» Input data
lemma Rd_site_stable:
  assumes dist: "is_dist N \<mu>" and \<zeta>: "1 < \<zeta>" and stable: "completely_marg_stable N \<zeta> \<mu>"
    and k: "1 \<le> k" and i: "i \<in> N" and j: "j \<in> {1..k}"
    and S: "S \<subseteq> \<Lambda>" and \<Lambda>: "\<Lambda> \<subseteq> N \<times> {1..k} - {(i, j)}"
    and \<sigma>: "\<sigma> \<in> supp_marg (N \<times> {1..k}) (Rd N \<mu> k) \<Lambda>"
  shows "ratio (N \<times> {1..k}) (Rd N \<mu> k) \<Lambda> \<sigma> (i, j) \<le> ereal (2 * \<zeta>) \<and>
    ratio (N \<times> {1..k}) (Rd N \<mu> k) \<Lambda> \<sigma> (i, j)
      \<le> ereal (2 * \<zeta>) * ratio (N \<times> {1..k}) (Rd N \<mu> k) S (restrict \<sigma> S) (i, j)"
proof -
  let ?M = "N \<times> {1..k}" and ?\<sigma>\<^sub>S = "restrict \<sigma> S"
  have fin: "finite N" and \<mu>_nonneg: "\<forall>x\<in>cube N. 0 \<le> \<mu> x"
    using dist by (auto simp: is_dist_def)
  have \<nu>_nonneg: "\<forall>y\<in>cube ?M. 0 \<le> Rd N \<mu> k y"
    using Rd_nonneg[OF \<mu>_nonneg] by blast
  have S': "S \<subseteq> ?M - {(i, j)}"
    using S \<Lambda> by auto
  have \<sigma>\<^sub>S: "?\<sigma>\<^sub>S \<in> supp_marg ?M (Rd N \<mu> k) S"
    using supp_marg_restrict[OF finite_SigmaI[OF fin finite_atLeastAtMost] \<nu>_nonneg S \<sigma>] .
  show ?thesis
  proof (cases "block_all_minus \<Lambda> \<sigma> i")
    case True
    define A where "A = weighted_mass N \<mu> (block_weight k \<Lambda> \<sigma>) i 1"
    define B where "B = weighted_mass N \<mu> (block_weight k \<Lambda> \<sigma>) i (-1)"
    define A\<^sub>S where "A\<^sub>S = weighted_mass N \<mu> (block_weight k S ?\<sigma>\<^sub>S) i 1"
    define B\<^sub>S where "B\<^sub>S = weighted_mass N \<mu> (block_weight k S ?\<sigma>\<^sub>S) i (-1)"
    have "block_all_minus S ?\<sigma>\<^sub>S i"
      using True S by (auto simp: block_all_minus_def)
    then obtain c' where "c' \<in> {0..1}"
      and ratio_S: "ratio ?M (Rd N \<mu> k) S ?\<sigma>\<^sub>S (i, j) = ereal_ratio (A\<^sub>S / k) (c' * A\<^sub>S + B\<^sub>S)"
      using ratio_Rd_site(2)[OF fin k i j S' \<sigma>\<^sub>S, folded A\<^sub>S_def B\<^sub>S_def] by blast
    moreover obtain c where "c \<in> {0..1}" and "0 < A / k + (c * A + B)"
      and ratio: "ratio ?M (Rd N \<mu> k) \<Lambda> \<sigma> (i, j) = ereal_ratio (A / k) (c * A + B)"
      using ratio_Rd_site(2)[OF fin k i j \<Lambda> \<sigma> True, folded A_def B_def] by blast
    moreover have "A \<le> \<zeta> * B" "A * B\<^sub>S \<le> \<zeta> * B * A\<^sub>S"
      unfolding A_def B_def A\<^sub>S_def B\<^sub>S_def by (rule Rd_weighted_mass_bounds[OF dist stable i k S])+
    moreover have "0 \<le> A" "0 \<le> B" "0 \<le> A\<^sub>S" "0 \<le> B\<^sub>S"
      unfolding A_def B_def A\<^sub>S_def B\<^sub>S_def by (simp_all add: weighted_mass_nonneg \<mu>_nonneg block_weight_nonneg)
    ultimately show ?thesis
      using ereal_ratio_Rd_bounds[of A B A\<^sub>S B\<^sub>S c c' k \<zeta>] \<zeta> k by (simp add: ratio ratio_S)
  next
    case False
    then have "ratio ?M (Rd N \<mu> k) \<Lambda> \<sigma> (i, j) = 0"
      by (rule ratio_Rd_site(1)[OF fin k i j \<Lambda> \<sigma>])
    moreover have "0 \<le> ereal (2 * \<zeta>) * ratio ?M (Rd N \<mu> k) S ?\<sigma>\<^sub>S (i, j)"
      using ratio_nonneg[OF \<nu>_nonneg] \<zeta> by simp
    ultimately show ?thesis
      using \<zeta> by simp
  qed
qed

» Task directions
Copy every line of the material above in which the word "forall" appears.

» Answer below
  have fin: "finite N" and \<mu>_nonneg: "\<forall>x\<in>cube N. 0 \<le> \<mu> x"
  have \<nu>_nonneg: "\<forall>y\<in>cube ?M. 0 \<le> Rd N \<mu> k y"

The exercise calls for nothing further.